# Visual Basic > Visual Basic FAQs >  [FAQ's: OD] How do I show a context menu popup on a UserForm?

## RobDog888

There isn't a menu editor in VBA like there is in VB6. So what we use is the CommandBars collection. Its really rather easy if you already know how to use the CommandBars collection. 

If you create a new CommandBar as designate it as a msoBarPopup type then you will get a .ShowPopup method for that commandbar object.

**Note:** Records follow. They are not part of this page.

lemma linear_poly_mult:
  assumes "a \<in> carrier R" "b \<in> carrier R" "c \<in> carrier R" "d \<in> carrier R"
  shows "linear_poly a b \<otimes>\<^bsub>P\<^esub> linear_poly c d =
    up_ring.monom P (a \<otimes> c) 2 \<oplus>\<^bsub>P\<^esub> up_ring.monom P (a \<otimes> d) 1 \<oplus>\<^bsub>P\<^esub>
    up_ring.monom P (b \<otimes> c) 1 \<oplus>\<^bsub>P\<^esub> up_ring.monom P (b \<otimes> d) 0"
proof -
  have "linear_poly a b \<otimes>\<^bsub>P\<^esub> linear_poly c d =
      up_ring.monom P a 1 \<otimes>\<^bsub>P\<^esub> up_ring.monom P c 1 \<oplus>\<^bsub>P\<^esub>
      up_ring.monom P a 1 \<otimes>\<^bsub>P\<^esub> up_ring.monom P d 0 \<oplus>\<^bsub>P\<^esub>
      up_ring.monom P b 0 \<otimes>\<^bsub>P\<^esub> up_ring.monom P c 1 \<oplus>\<^bsub>P\<^esub>
      up_ring.monom P b 0 \<otimes>\<^bsub>P\<^esub> up_ring.monom P d 0"
    using assms by (simp add: linear_poly_def UP_l_distr UP_r_distr UP_a_assoc P.a_lcomm)
  then show ?thesis
    using assms by (simp add: numeral_2_eq_2 monom_mult[symmetric] del: monom_mult)
qed

end

context UP_domain
begin

lemma deg_linear_poly:
  assumes "a \<in> carrier R" "b \<in> carrier R" "a \<noteq> \<zero>"
  shows "deg R (linear_poly a b) = 1"
proof (rule antisym)
  show "deg R (linear_poly a b) \<le> 1"
    by (rule deg_aboveI) (use assms in \<open>simp_all add: coeff_linear_poly\<close>)
  show "1 \<le> deg R (linear_poly a b)"
    by (rule deg_belowI) (use assms in \<open>simp_all add: coeff_linear_poly\<close>)
qed

lemma linear_poly_nonzero:
  assumes "a \<in> carrier R" "b \<in> carrier R" "a \<noteq> \<zero>"
  shows "linear_poly a b \<noteq> \<zero>\<^bsub>P\<^esub>"
  using deg_linear_poly[OF assms] by (metis deg_zero zero_neq_one)

lemma deg_Units:
  assumes "p \<in> Units P"
  shows "deg R p = 0"
proof -
  obtain q where p: "p \<in> carrier P" and q: "q \<in> carrier P" and pq: "p \<otimes>\<^bsub>P\<^esub> q = \<one>\<^bsub>P\<^esub>"
    using assms unfolding Units_def by blast
  then have "p \<noteq> \<zero>\<^bsub>P\<^esub>" "q \<noteq> \<zero>\<^bsub>P\<^esub>"
    using UP_one_not_zero by (metis P.l_null, metis P.r_null)
  then have "deg R (p \<otimes>\<^bsub>P\<^esub> q) = deg R p + deg R q"
    using p q by simp
  then show ?thesis
    using pq by simp
qed

lemma monom_Units:
  assumes "c \<in> Units R"
  shows "up_ring.monom P c 0 \<in> Units P"
proof -
  have c: "c \<in> carrier R" "inv c \<in> carrier R"
    using assms by auto
  have "up_ring.monom P c 0 \<otimes>\<^bsub>P\<^esub> up_ring.monom P (inv c) 0 = \<one>\<^bsub>P\<^esub>"
       "up_ring.monom P (inv c) 0 \<otimes>\<^bsub>P\<^esub> up_ring.monom P c 0 = \<one>\<^bsub>P\<^esub>"
    using monom_mult[OF c, of 0 0] monom_mult[OF c(2) c(1), of 0 0] assms
    by (simp_all del: monom_mult)
  then show ?thesis
    unfolding Units_def using c by auto
qed

lemma linear_poly_eq_constant_mult:
  assumes a: "a \<in> carrier R" and b: "b \<in> carrier R"
    and q: "q \<in> carrier P" and r: "r \<in> carrier P"
    and "deg R q = 0" and eq: "linear_poly a b = q \<otimes>\<^bsub>P\<^esub> r"
  shows "a = up_ring.coeff P q 0 \<otimes> up_ring.coeff P r 1"
    and "b = up_ring.coeff P q 0 \<otimes> up_ring.coeff P r 0"
proof -
  have qm: "q = up_ring.monom P (up_ring.coeff P q 0) 0"
    using deg_zero_impl_monom[OF q \<open>deg R q = 0\<close>] .
  have "up_ring.coeff P (linear_poly a b) (n + 0) = up_ring.coeff P q 0 \<otimes> up_ring.coeff P r n"
    for n
    unfolding eq by (subst (1) qm) (rule coeff_monom_mult[OF coeff_closed[OF q] r])
  from this[of 1] this[of 0] show "a = up_ring.coeff P q 0 \<otimes> up_ring.coeff P r 1"
    and "b = up_ring.coeff P q 0 \<otimes> up_ring.coeff P r 0"
    using a b by (simp_all add: coeff_linear_poly)
qed

lemma linear_poly_irreducible:
  assumes a: "a \<in> carrier R" and b: "b \<in> carrier R" and a0: "a \<noteq> \<zero>"
    and coprime: "\<And>c. c \<in> carrier R \<Longrightarrow> c divides a \<Longrightarrow> c divides b \<Longrightarrow> c \<in> Units R"
  shows "irreducible (mult_of P) (linear_poly a b)"
proof -
  have deg: "deg R (linear_poly a b) = 1"
    using deg_linear_poly[OF a b a0] .
  have lc: "linear_poly a b \<in> carrier P - {\<zero>\<^bsub>P\<^esub>}"
    using linear_poly_nonzero[OF a b a0] a b by simp
  have constant_factor_unit: "q \<in> Units P"
    if q: "q \<in> carrier P" and r: "r \<in> carrier P" and "deg R q = 0"
      and eq: "linear_poly a b = q \<otimes>\<^bsub>P\<^esub> r" for q r
  proof -
    note coeffs = linear_poly_eq_constant_mult[OF a b q r \<open>deg R q = 0\<close> eq]
    have "up_ring.coeff P q 0 divides a" "up_ring.coeff P q 0 divides b"
      using coeffs q r by (auto intro: dividesI)
    then have "up_ring.coeff P q 0 \<in> Units R"
      using coprime q by simp
    then show ?thesis
      by (subst deg_zero_impl_monom[OF q \<open>deg R q = 0\<close>]) (rule monom_Units)
  qed
  have "ring_irreducible\<^bsub>P\<^esub> (linear_poly a b)"
  proof (rule ring_irreducibleI[OF lc])
    show "linear_poly a b \<notin> Units P"
      using deg_Units deg by (metis zero_neq_one)
    fix q r
    assume q: "q \<in> carrier P" and r: "r \<in> carrier P" and eq: "linear_poly a b = q \<otimes>\<^bsub>P\<^esub> r"
    moreover have "linear_poly a b \<noteq> \<zero>\<^bsub>P\<^esub>"
      using lc by simp
    ultimately have "q \<noteq> \<zero>\<^bsub>P\<^esub>" "r \<noteq> \<zero>\<^bsub>P\<^esub>"
      by (metis P.l_null, metis P.r_null)
    then have "deg R q + deg R r = 1"
      using eq deg q r by simp
    then consider "deg R q = 0" | "deg R r = 0"
      by linarith
    then show "q \<in> Units P \<or> r \<in> Units P"
    proof cases
      case 1
      then show ?thesis using constant_factor_unit[OF q r _ eq] by blast
    next
      case 2
      have "linear_poly a b = r \<otimes>\<^bsub>P\<^esub> q"
        using eq q r by (simp add: P.m_comm)
      then show ?thesis
        using constant_factor_unit[OF r q 2] by blast
    qed
  qed
  then show ?thesis
    using ring_irreducibleE(3) lc by blast
qed

lemma linear_poly_divides_imp_divides:
  assumes a: "a \<in> carrier R" and b: "b \<in> carrier R" and a0: "a \<noteq> \<zero>"
    and a': "a' \<in> carrier R" and b': "b' \<in> carrier R" and a'0: "a' \<noteq> \<zero>"
    and dvd: "linear_poly a b divides\<^bsub>mult_of P\<^esub> linear_poly a' b'"
  shows "a divides a'"
proof -
  obtain k where k: "k \<in> carrier P" "k \<noteq> \<zero>\<^bsub>P\<^esub>"
    and eq: "linear_poly a' b' = linear_poly a b \<otimes>\<^bsub>P\<^esub> k"
    using dvd unfolding factor_def by auto
  have "deg R (linear_poly a' b') = deg R (linear_poly a b) + deg R k"
    using eq k linear_poly_nonzero[OF a b a0] a b by simp
  then have "deg R k = 0"
    using deg_linear_poly[OF a b a0] deg_linear_poly[OF a' b' a'0] by simp
  moreover have "linear_poly a' b' = k \<otimes>\<^bsub>P\<^esub> linear_poly a b"
    using eq k a b by (simp add: P.m_comm)
  ultimately have "a' = up_ring.coeff P k 0 \<otimes> up_ring.coeff P (linear_poly a b) 1"
    by (rule linear_poly_eq_constant_mult(1)[OF a' b' k(1) linear_poly_closed[OF a b]])
  then have "a' = a \<otimes> up_ring.coeff P k 0"
    using a b k by (simp add: coeff_linear_poly R.m_comm[OF coeff_closed[OF k(1)] a])
  then show ?thesis
    using k by (auto intro: dividesI)
qed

Add some menu items to it and you have yourself a context menu.  :Smilie: 


Screen shot of UserForm after a right click...




VB Code:
'For a VBA UserForm ....
 'Behind UserForm1
Option Explicit
'Example code written by RobDog888 (vbforums.com)
'Macros must be enabled for the code to run
'Add a reference to MS Office xx.0 Object Library (If necessary depending on app)
'Add an Image control and CommandButton to your userForm.
Private moCBImage As Office.CommandBar
 Private Sub CommandButton1_Click()
    Unload Me
End Sub
 Private Sub UserForm_QueryClose(Cancel As Integer, CloseMode As Integer)
    moCBImage.Delete
    Unload Me
End Sub
 Private Sub Image1_MouseUp(ByVal Button As Integer, ByVal Shift As Integer, ByVal X As Single, ByVal Y As Single)
    'Invoke the menu on a right click on the Image control
    If Button = xlSecondaryButton Then
        moCBImage.ShowPopup
    End If
End Sub
 Private Sub UserForm_Initialize()
    Dim oCBSavePic As Office.CommandBarButton
    Dim oCBLoadPic As Office.CommandBarButton
    Dim oCBClearPic As Office.CommandBarButton
    'Add a titlebar caption
    Me.Caption = "RobDog888 Context Menu Demo"
    'Add the parent command bar popup
    Set moCBImage = Application.CommandBars.Add("cbImage", msoBarPopup, , True)
    With moCBImage
        .Name = "cbImage"
        .Enabled = True
    End With
    'Add the first child menu item to the popup
    Set oCBSavePic = moCBImage.Controls.Add(msoControlButton, 1, "8889", , True)
    With oCBSavePic
        .Caption = "Save Picture"
        .Enabled = True
        .FaceId = 3 'Save bitmap resource image id
        .OnAction = "SaveImage"
        .Style = msoButtonIconAndCaption
        .Visible = True
    End With
    'Add the second child menu item to the popup
    Set oCBLoadPic = moCBImage.Controls.Add(msoControlButton, 1, "8890", , True)
    With oCBLoadPic
        .Caption = "Load Picture"
        .Enabled = True
        .FaceId = 23 'Open folder bitmap resource image
        .OnAction = "LoadImage"
        .Style = msoButtonIconAndCaption
        .Visible = True
    End With
    'Add the third child menu item to the popup
    Set oCBClearPic = moCBImage.Controls.Add(msoControlButton, 1, "8891", , True)
    With oCBClearPic
        .BeginGroup = True
        .Caption = "Clear Picture"
        .Enabled = True
        .FaceId = 2087 'Delete bitmap resource image
        .OnAction = "ClearImage"
        .Style = msoButtonIconAndCaption
        .Visible = True
    End With
End Sub
  'Behind Module1
Option Explicit
'This is where the event procedures for the menu item clicks need to be.
'Example code written by RobDog888 (vbforums.com)
'Macros must be enabled for the code to run
 Public Sub SaveImage()
    MsgBox "Save Picture", vbOKOnly + vbInformation, "RobDog888's Context Menu Demo"
End Sub
 Public Sub LoadImage()
    MsgBox "Load Picture", vbOKOnly + vbInformation, "RobDog888's Context Menu Demo"
End Sub
 Public Sub ClearImage()
    MsgBox "Clear Picture", vbOKOnly + vbInformation, "RobDog888's Context Menu Demo"
End Sub
   'Behind ThisWorkbook (for Excel as an example)
Option Explicit
'Show UserForm at workbook opening.
'Example code written by RobDog888 (vbforums.com)
'Macros must be enabled for the code to run
 Private Sub Workbook_Open()
    UserForm1.Show vbModeless
End Sub

----------